Feldblum, an LGBT activist, was nominated by President Barack Obama in 2009 and was seated while Congress was in recess. She was confirmed by the Senate in 2010 in a lame duck session by 54 to 41 vote. Only two Republicans voted in favor of her confirmation. She finished her second term in 2018, and prior to that, President Donald Trump renominated her for a third term.

Lee, a member of the Church of Jesus Christ of Latter Day Saints, is blocking her nomination on religious liberty grounds. Watch his remarks below:

Read his speech below:

Mr. President, reserving the right to object, I first want to note that it has been suggested that there is only one objection to Chai Feldblum’s nomination to the EEOC. That is not true. I am among those objectors; I am not the lone objector.

My objection to this nominee relates to my belief and religious freedom. You see, religious freedom is very important to me. I am the descendant of people who were ordered exterminated by the Governor of Missouri on October 27, 1837. Religious intolerance cannot be tolerated in this country, and I see a growing wave of religious intolerance. I see a growing wave of sentiment of people suggesting that on the basis of people’s religious beliefs, they can be subject to adverse government decision-making.

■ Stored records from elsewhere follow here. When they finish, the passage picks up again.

lemma mpareto2_sf_single:
  assumes "i \<in> {1..n}" "x \<ge> 0" "\<sigma> i > 0"
    and c01: "\<forall>j\<in>{1..n+1}. c i j \<in> {0, 1}"
  shows "mpareto2_sf n c \<sigma> \<gamma> (\<lambda>k. if k = i then x else 0)
       = (1 + x / \<sigma> i) powr (- (\<Sum>j=1..n+1. c i j * \<gamma> j))"
proof -
  have base_pos: "1 + x / \<sigma> i > 0"
    using assms by (simp add: add_pos_nonneg)
  have "(1 + (\<Sum>k=1..n. c k j * (if k = i then x else 0) / \<sigma> k)) powr (- \<gamma> j)
      = (1 + x / \<sigma> i) powr (- (c i j * \<gamma> j))" if "j \<in> {1..n+1}" for j
  proof -
    have "(\<Sum>k=1..n. c k j * (if k = i then x else 0) / \<sigma> k) = c i j * x / \<sigma> i"
      using \<open>i \<in> {1..n}\<close>
      by (simp add: if_distrib[of "\<lambda>y. c _ j * y / \<sigma> _"] sum.delta cong: if_cong)
    moreover have "c i j = 0 \<or> c i j = 1"
      using c01 that by auto
    ultimately show ?thesis
      using base_pos by auto
  qed
  then have "mpareto2_sf n c \<sigma> \<gamma> (\<lambda>k. if k = i then x else 0)
      = (\<Prod>j=1..n+1. (1 + x / \<sigma> i) powr (- (c i j * \<gamma> j)))"
    unfolding mpareto2_sf_def by (intro prod.cong) auto
  also have "\<dots> = (1 + x / \<sigma> i) powr (- (\<Sum>j=1..n+1. c i j * \<gamma> j))"
    using base_pos by (subst powr_sum[symmetric]) (auto simp: sum_negf)
  finally show ?thesis .
qed

lemma (in prob_space) prob_greater_mpareto2_marginal:
  assumes c01: "\<forall>i\<in>{1..n}. \<forall>j\<in>{1..n+1}. c i j \<in> {0, 1}"
    and \<sigma>_pos: "\<forall>i\<in>{1..n}. \<sigma> i > 0"
    and measurable: "\<forall>i\<in>{1..n}. X i \<in> borel_measurable M"
    and joint: "\<And>y. (\<forall>k\<in>{1..n}. y k > 0) \<Longrightarrow>
      prob {\<omega> \<in> space M. \<forall>k\<in>{1..n}. X k \<omega> > y k} = mpareto2_sf n c \<sigma> \<gamma> y"
    and "i \<in> {1..n}" "x > 0"
  shows "prob {\<omega> \<in> space M. X i \<omega> > x} = (1 + x / \<sigma> i) powr (- (\<Sum>j=1..n+1. c i j * \<gamma> j))"
proof -
  have c_nonneg: "\<And>k j. k \<in> {1..n} \<Longrightarrow> j \<in> {1..n+1} \<Longrightarrow> c k j \<ge> 0"
    using c01 by fastforce
  have "prob {\<omega> \<in> space M. X i \<omega> > x} = mpareto2_sf n c \<sigma> \<gamma> (\<lambda>k. if k = i then x else 0)"
  proof (rule prob_greater_from_joint_survival[where I = "{1..n}"])
    show "((\<lambda>\<epsilon>. mpareto2_sf n c \<sigma> \<gamma> (\<lambda>k. if k = i then x else \<epsilon>))
        \<longlongrightarrow> mpareto2_sf n c \<sigma> \<gamma> (\<lambda>k. if k = i then x else 0)) (at_right 0)"
      using \<sigma>_pos c_nonneg \<open>x > 0\<close> by (intro tendsto_mpareto2_sf) auto
    show "((\<lambda>\<epsilon>. mpareto2_sf n c \<sigma> \<gamma> (\<lambda>_. \<epsilon>)) \<longlongrightarrow> 1) (at_right 0)"
      using tendsto_mpareto2_sf[of n "\<lambda>_ \<epsilon>. \<epsilon>" "\<lambda>_. 0" "at_right 0" c \<sigma> \<gamma>] \<sigma>_pos c_nonneg
      by (simp add: mpareto2_sf_def)
  qed (use joint measurable assms in auto)
  then show ?thesis
    using mpareto2_sf_single c01 \<sigma>_pos assms by simp
qed

theorem corollary4p3:
  fixes M :: "'a measure" and n :: nat
    and c :: "nat \<Rightarrow> nat \<Rightarrow> real"
    and \<sigma> \<gamma> :: "nat \<Rightarrow> real"
    and X :: "nat \<Rightarrow> 'a \<Rightarrow> real"
    and i :: nat and q :: real
  assumes "prob_space M"
    and c01: "\<forall>i\<in>{1..n}. \<forall>j\<in>{1..n+1}. c i j \<in> {0, 1}"
    and \<sigma>pos: "\<forall>i\<in>{1..n}. \<sigma> i > 0"
    and \<gamma>pos: "\<forall>j\<in>{1..n+1}. \<gamma> j > 0"
    and meas: "\<forall>i\<in>{1..n}. X i \<in> borel_measurable M"
    and dist: "\<forall>x::nat \<Rightarrow> real. (\<forall>i\<in>{1..n}. x i > 0) \<longrightarrow>
        measure M {\<omega> \<in> space M. \<forall>i\<in>{1..n}. X i \<omega> > x i}
        = (\<Prod>j=1..n+1. (1 + (\<Sum>i=1..n. c i j * x i / \<sigma> i)) powr (- \<gamma> j))"
    and i: "i \<in> {1..n}"
    and q: "0 \<le> q" "q < 1"
    and CTE_exists: "integrable M (\<lambda>\<omega>. X i \<omega> * indicator {\<omega> \<in> space M. X i \<omega> > VaR M (X i) q} \<omega>)"
  shows "CTE M (X i) q
           = (\<integral>\<omega>. X i \<omega> \<partial>M)
               * pareto2_sf (\<sigma> i) ((\<Sum>j=1..n+1. c i j * \<gamma> j) - 1) (VaR M (X i) q) / (1 - q)
             + VaR M (X i) q
       \<and> CTE M (X i) q
           = (\<integral>\<omega>. X i \<omega> \<partial>M)
             + VaR M (X i) q * (\<Sum>j=1..n+1. c i j * \<gamma> j) / ((\<Sum>j=1..n+1. c i j * \<gamma> j) - 1)"
proof -
  interpret prob_space M by fact
  have "prob {\<omega> \<in> space M. X i \<omega> > x} = (1 + x / \<sigma> i) powr (- (\<Sum>j=1..n+1. c i j * \<gamma> j))"
    if "x > 0" for x
    using c01 \<sigma>pos meas dist i that
    by (intro prob_greater_mpareto2_marginal) (auto simp: mpareto2_sf_def)
  then interpret pareto2_variable M "X i" "\<sigma> i" "\<Sum>j=1..n+1. c i j * \<gamma> j"
    using meas \<sigma>pos i by unfold_locales auto
  show ?thesis
    using CTE_representations[OF q CTE_exists] by simp
qed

Ms. Feldblum has written that she sees a conflict between religious belief and LGBT liberty as “a zero-sum game” where “a gain for one side necessarily entails a corresponding loss for the other side.” I see no reason why that should be the case, and I think that is fundamentally incompatible with our Nation’s long tradition of pluralism and religious freedom.

Make no mistake–there is no mystery about which side Ms. Feldblum thinks should win. In a separate speech, she said: “There can be a conflict between religious liberty and sexual liberty, but in almost all cases, the sexual liberty should win I’m having a hard time coming up with any case in which religious liberty should win.”

I find these remarks stunning, especially because an entire amendment to the U.S. Constitution–the very first one, by the way–is devoted to religious liberty. These are not the words of an open-minded jurist. These are not the words of an open-minded lawyer. These are the words of an activist intent on stamping out all opposition to her cause. In fact, she has even said as much. She said: “[G]ranting liberty to gay people . . . cannot be adequately advanced if `pockets of resistance’ are permitted to flourish.” Who is she to decide whether someone should be permitted to persist in their own religious belief simply because those beliefs happen to conflict with a particular political worldview?

As an EEO Commissioner, Ms. Feldblum would be in a prime position to stamp out those pockets of resistance. She herself has noted: “The EEOC has jurisdiction only over employment. But other Federal agencies that enforce sex discrimination provisions often look to our interpretation for guidance in interpreting the laws they enforce.”

The Federal Government should never be used as a tool to stamp out religious liberty–that principle which is so central to our Nation’s founding and to human happiness itself. It is so important that we have to stand behind it. Ms. Feldblum, however, wants to deny exactly that. On that basis, I object to her confirmation.